[DATASET ENTRIES Boundary: Start]

(* In each of the following cases there exists an ascending partition $\mathcal P=[p_1,\dots,p_k]\in AP_{n,k}$ with $p_1=\cdots=p_e=2$ and $p_{e+1}=\cdots=p_{e+f}=3$ (i.e. completing the partial partition $[2^e,3^f]$) such that $\mathcal P$ is non-equitable and $\mathrm{slack}(\mathcal P)\ge 0$: (a) $n=6t+3$, $k=2t+1$, $e=\frac32 t$, $f=2$, for every even $t\ge 6$; (b) $n=6t+3$, $k=2t+1$, $e=\frac32 t-\frac12$, $f=3$, for every odd $t\ge 7$; (c) $n=6t+2$, $k=2t+1$, $e=\frac32 t$, $f=3$, for every even $t\ge 10$; (d) $n=6t+2$, $k=2t+1$, $e=\frac32 t+\frac12$, $f=2$, for every odd $t\ge 11$.
   Context: $[n]=\{1,\ldots,n\}$ and $s^{n,k}=\frac{n(n+1)}{2k}$. An ascending partition of $n$ of size $k$ is a sequence of positive integers $[p_1,\ldots,p_k]$ with $p_1\le\cdots\le p_k$ and $\sum_i p_i=n$; $AP_{n,k}$ is the set of all such partitions when $s^{n,k}$ is an integer (and empty otherwise). $\mathcal P$ is equitable if $[n]$ can be partitioned into sets $A_1,\dots,A_k$ with $|A_i|=p_i$ all having the same element sum. For $j=1,\ldots,k$, $\mathrm{slack}_j(\mathcal P)=\sum_{i=1}^{p_1+\cdots+p_j}(n-i+1)-j\,s^{n,k}$, and $\mathrm{slack}(\mathcal P)=\min_{1\le j\le k-1}\mathrm{slack}_j(\mathcal P)$. *)

theory Defs
  imports Complex_Main
begin

definition s_nk :: "nat \<Rightarrow> nat \<Rightarrow> rat" where
  "s_nk n k = of_nat (n * (n + 1)) / of_nat (2 * k)"

definition ascending_partition :: "nat \<Rightarrow> nat \<Rightarrow> nat list \<Rightarrow> bool" where
  "ascending_partition n k P \<longleftrightarrow>
     length P = k \<and> sorted P \<and> (\<forall>p\<in>set P. 0 < p) \<and> sum_list P = n"

definition AP :: "nat \<Rightarrow> nat \<Rightarrow> nat list set" where
  "AP n k = (if s_nk n k \<in> \<int> then {P. ascending_partition n k P} else {})"

text \<open>Equitable: [n] splits into sets A_1..A_k (indexed 0..k-1) with |A_i| = p_i and equal sums.\<close>
definition equitable :: "nat \<Rightarrow> nat list \<Rightarrow> bool" where
  "equitable n P \<longleftrightarrow>
     (\<exists>A :: nat \<Rightarrow> nat set.
        (\<Union>i<length P. A i) = {1..n} \<and>
        (\<forall>i<length P. \<forall>j<length P. i \<noteq> j \<longrightarrow> A i \<inter> A j = {}) \<and>
        (\<forall>i<length P. card (A i) = P ! i) \<and>
        (\<forall>i<length P. \<forall>j<length P. \<Sum>(A i) = \<Sum>(A j)))"

definition slack_j :: "nat \<Rightarrow> nat list \<Rightarrow> nat \<Rightarrow> rat" where
  "slack_j n P j =
     (\<Sum>i = 1..sum_list (take j P). (of_nat n - of_nat i + 1 :: rat))
       - of_nat j * s_nk n (length P)"

definition slack :: "nat \<Rightarrow> nat list \<Rightarrow> rat" where
  "slack n P = Min ((\<lambda>j. slack_j n P j) ` {1..length P - 1})"

end

theory Submission
  imports Defs
begin

text \<open>
  The witness completes \<open>[2^e, 3^f]\<close> by parts \<open>6\<close> and one final part \<open>l\<close>; write
  \<open>S = s^{n,k}\<close>. If the first \<open>j\<close> parts sum to \<open>L\<close>, then
  \<open>2 slack_j = L(2n - L + 1) - 2jS\<close>, which along a run of equal parts is a concave
  quadratic in \<open>j\<close>; so it suffices to check it at the ends of the three runs, and at the
  last one it equals \<open>2S - l(l + 1)\<close>.

  Non-equitability is a counting argument in \<open>T = [S - n, n]\<close>: a class \<open>{x, y}\<close> with
  sum \<open>S\<close> lies in \<open>T\<close>, and a class of three numbers below \<open>S - n\<close> would sum to at most
  \<open>3(S - n) - 6 < S\<close>. The disjoint classes would thus need \<open>2e + f\<close> elements of \<open>T\<close>,
  but \<open>T\<close> has fewer.
\<close>

lemma sum_largest_elements:
  "(\<Sum>i = 1..L. (of_nat n - of_nat i + 1 :: rat)) = of_int (int L * (2 * int n - int L + 1)) / 2"
  by (induction L) (auto simp: field_simps)

definition double_slack :: "nat \<Rightarrow> nat \<Rightarrow> nat \<Rightarrow> nat \<Rightarrow> int" where
  "double_slack n S L j = int L * (2 * int n - int L + 1) - 2 * int j * int S"

lemma s_nk_eq:
  assumes "n * (n + 1) = 2 * k * S" and "0 < k"
  shows "s_nk n k = of_nat S"
proof -
  have "s_nk n k = of_nat (2 * k * S) / of_nat (2 * k)"
    unfolding s_nk_def assms(1) ..
  also have "\<dots> = of_nat S"
    using assms(2) by (simp add: field_simps)
  finally show ?thesis .
qed

lemma slack_j_eq_double_slack:
  assumes "s_nk n (length P) = of_nat S"
  shows "slack_j n P j = of_int (double_slack n S (sum_list (take j P)) j) / 2"
  unfolding slack_j_def sum_largest_elements assms double_slack_def by (simp add: field_simps)

lemma slack_nonneg_if_slack_j_nonneg:
  assumes "2 \<le> length P" and "\<And>j. 1 \<le> j \<Longrightarrow> j < length P \<Longrightarrow> 0 \<le> slack_j n P j"
  shows "0 \<le> slack n P"
  unfolding slack_def using assms by (subst Min_ge_iff) auto

lemma concave_quadratic_nonneg_between:
  fixes A B C x a :: "'a::linordered_idom"
  assumes "0 \<le> C" "0 \<le> x" "x \<le> a" "0 \<le> A" "0 \<le> A + B * a - C * a\<^sup>2"
  shows "0 \<le> A + B * x - C * x\<^sup>2"
proof (cases "a = 0")
  case True
  then show ?thesis using assms by simp
next
  case False
  have "a * (A + B * x - C * x\<^sup>2) = (a - x) * A + x * (A + B * a - C * a\<^sup>2) + C * a * x * (a - x)"
    by (simp add: algebra_simps power2_eq_square)
  also have "\<dots> \<ge> 0"
    using assms by (intro add_nonneg_nonneg mult_nonneg_nonneg) auto
  finally show ?thesis
    using False assms by (simp add: zero_le_mult_iff)
qed

lemma double_slack_nonneg_on_run:
  assumes P: "P = Q @ replicate a c @ R" and "length Q \<le> j" "j \<le> length Q + a"
    and start: "0 \<le> double_slack n S (sum_list Q) (length Q)"
    and stop: "0 \<le> double_slack n S (sum_list Q + c * a) (length Q + a)"
  shows "0 \<le> double_slack n S (sum_list (take j P)) j"
proof -
  obtain i where j: "j = length Q + i" and "i \<le> a"
    using assms(2,3) le_Suc_ex by (metis add_le_cancel_left)
  have prefix: "sum_list (take (length Q + i) P) = sum_list Q + c * i"
    using P \<open>i \<le> a\<close> by (simp add: sum_list_replicate)
  let ?B = "int c * (2 * int n - 2 * int (sum_list Q) + 1) - 2 * int S"
  have quadratic: "double_slack n S (sum_list Q + c * x) (length Q + x)
      = double_slack n S (sum_list Q) (length Q) + ?B * int x - (int c)\<^sup>2 * (int x)\<^sup>2" for x
    by (simp add: double_slack_def algebra_simps power2_eq_square)
  show ?thesis
    using start stop \<open>i \<le> a\<close> concave_quadratic_nonneg_between[of "(int c)\<^sup>2" "int i" "int a"]
    unfolding j prefix quadratic by simp
qed

lemma double_slack_before_last:
  assumes "n * (n + 1) = 2 * k * S" "l \<le> n" "0 < k"
  shows "double_slack n S (n - l) (k - 1) = 2 * int S - int l * (int l + 1)"
proof -
  have "int n * (int n + 1) = 2 * int k * int S"
    using arg_cong[OF assms(1), of int] by (simp add: algebra_simps)
  then show ?thesis
    using assms(2,3) by (simp add: double_slack_def of_nat_diff algebra_simps)
qed

lemma equitableE:
  assumes "equitable n P" and "P \<noteq> []" and "n * (n + 1) = 2 * length P * S"
  obtains A where "\<And>i. i < length P \<Longrightarrow> A i \<subseteq> {1..n}"
    and "\<And>i j. i < length P \<Longrightarrow> j < length P \<Longrightarrow> i \<noteq> j \<Longrightarrow> A i \<inter> A j = {}"
    and "\<And>i. i < length P \<Longrightarrow> card (A i) = P ! i"
    and "\<And>i. i < length P \<Longrightarrow> \<Sum>(A i) = S"
proof -
  let ?k = "length P"
  obtain A where U: "(\<Union>i<?k. A i) = {1..n}"
    and D: "\<forall>i<?k. \<forall>j<?k. i \<noteq> j \<longrightarrow> A i \<inter> A j = {}"
    and C: "\<forall>i<?k. card (A i) = P ! i"
    and E: "\<forall>i<?k. \<forall>j<?k. \<Sum>(A i) = \<Sum>(A j)"
    using assms(1) unfolding equitable_def by blast
  have k: "0 < ?k"
    using assms(2) by simp
  have sub: "A i \<subseteq> {1..n}" if "i < ?k" for i
    using U that by blast
  have "\<Sum>{1..n} = (\<Sum>i<?k. \<Sum>(A i))"
    unfolding U[symmetric]
  proof (rule sum.UNION_disjoint)
    show "\<forall>i\<in>{..<?k}. finite (A i)"
      using sub finite_subset by blast
    show "\<forall>i\<in>{..<?k}. \<forall>j\<in>{..<?k}. i \<noteq> j \<longrightarrow> A i \<inter> A j = {}"
      using D by blast
  qed simp
  also have "\<dots> = (\<Sum>i<?k. \<Sum>(A 0))"
    by (rule sum.cong[OF refl]) (use E k in blast)
  finally have "n * (n + 1) = 2 * (?k * \<Sum>(A 0))"
    using double_gauss_sum_from_Suc_0[of n, where ?'a = nat] by simp
  with assms(3) k have "\<Sum>(A 0) = S"
    by simp
  then have sums: "\<Sum>(A i) = S" if "i < ?k" for i
    using E[rule_format, OF that k] by simp
  show thesis
    by (rule that[of A]) (use sub D C sums in auto)
qed

lemma pair_with_sum_subset:
  fixes A :: "nat set"
  assumes "A \<subseteq> {1..n}" "card A = 2" "\<Sum>A = S"
  shows "A \<subseteq> {S - n..n}"
proof -
  obtain x y where A: "A = {x, y}" "x \<noteq> y"
    using assms(2) unfolding card_2_iff by blast
  then show ?thesis
    using assms(1,3) by auto
qed

lemma triple_with_sum_meets:
  fixes A :: "nat set"
  assumes "A \<subseteq> {1..n}" "card A = 3" "\<Sum>A = S" and "2 * S < 3 * n + 6"
  shows "A \<inter> {S - n..n} \<noteq> {}"
proof
  assume disjoint: "A \<inter> {S - n..n} = {}"
  obtain x y z where A: "A = {x, y, z}" and distinct: "x \<noteq> y" "y \<noteq> z" "x \<noteq> z"
    using assms(2) unfolding card_3_iff by blast
  then have "x < S - n" "y < S - n" "z < S - n"
    using assms(1) disjoint by auto
  then have "x + y + z + 6 \<le> 3 * (S - n)"
    using distinct by linarith
  moreover have "x + y + z = S"
    using assms(3) A distinct by simp
  ultimately show False
    using assms(4) by linarith
qed

lemma sum_card_Int_le_card:
  assumes "finite I" "finite T" "\<And>i j. i \<in> I \<Longrightarrow> j \<in> I \<Longrightarrow> i \<noteq> j \<Longrightarrow> A i \<inter> A j = {}"
  shows "(\<Sum>i\<in>I. card (A i \<inter> T)) \<le> card T"
proof -
  have "(\<Sum>i\<in>I. card (A i \<inter> T)) = card (\<Union>i\<in>I. A i \<inter> T)"
    using assms by (subst card_UN_disjoint) auto
  also have "\<dots> \<le> card T"
    using assms(2) by (intro card_mono) auto
  finally show ?thesis .
qed

lemma not_equitable_if_few_large_numbers:
  assumes P: "P = replicate e 2 @ replicate f 3 @ Q"
    and nS: "n * (n + 1) = 2 * length P * S"
    and S_le: "S \<le> 2 * n + 1" and triples: "2 * S < 3 * n + 6"
    and too_few: "2 * n + 1 < S + 2 * e + f"
  shows "\<not> equitable n P"
proof
  assume "equitable n P"
  moreover have "P \<noteq> []"
    using P S_le too_few by auto
  ultimately obtain A where sub: "\<And>i. i < length P \<Longrightarrow> A i \<subseteq> {1..n}"
    and disj: "\<And>i j. i < length P \<Longrightarrow> j < length P \<Longrightarrow> i \<noteq> j \<Longrightarrow> A i \<inter> A j = {}"
    and card: "\<And>i. i < length P \<Longrightarrow> card (A i) = P ! i"
    and sums: "\<And>i. i < length P \<Longrightarrow> \<Sum>(A i) = S"
    using nS equitableE by metis
  define T where "T = {S - n..n}"
  have len: "e + f \<le> length P"
    using P by simp
  have pairs_in_T: "card (A i \<inter> T) = 2" if "i < e" for i
  proof -
    have "i < length P" "P ! i = 2"
      using that len P by (simp_all add: nth_append)
    then have "A i \<inter> T = A i" "card (A i) = 2"
      using pair_with_sum_subset sub sums card unfolding T_def by (metis inf.absorb1)+
    then show ?thesis
      by simp
  qed
  have triples_meet_T: "1 \<le> card (A i \<inter> T)" if "e \<le> i" "i < e + f" for i
  proof -
    have "i < length P" "P ! i = 3"
      using that len P by (auto simp: nth_append)
    then have "A i \<inter> T \<noteq> {}"
      using triple_with_sum_meets triples sub sums card unfolding T_def by metis
    then show ?thesis
      by (simp add: Suc_le_eq card_gt_0_iff T_def)
  qed
  have "2 * e + f \<le> (\<Sum>i<e. card (A i \<inter> T)) + (\<Sum>i\<in>{e..<e + f}. card (A i \<inter> T))"
    using sum_bounded_below[of "{e..<e + f}" 1 "\<lambda>i. card (A i \<inter> T)"] triples_meet_T pairs_in_T
    by simp
  also have "\<dots> = (\<Sum>i<e + f. card (A i \<inter> T))"
    by (subst sum.union_disjoint[symmetric]) (auto intro: sum.cong)
  also have "\<dots> \<le> card T"
    using disj len by (intro sum_card_Int_le_card) (auto simp: T_def)
  finally show False
    using S_le too_few by (simp add: T_def)
qed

[DATASET ENTRIES Boundary: End]

**WHAT IS NEEDED:**
Filter the records down to the lines that contain the string "ultimately", and copy those lines.

**RESULT:**
  ultimately show False
  ultimately obtain A where sub: "\<And>i. i < length P \<Longrightarrow> A i \<subseteq> {1..n}"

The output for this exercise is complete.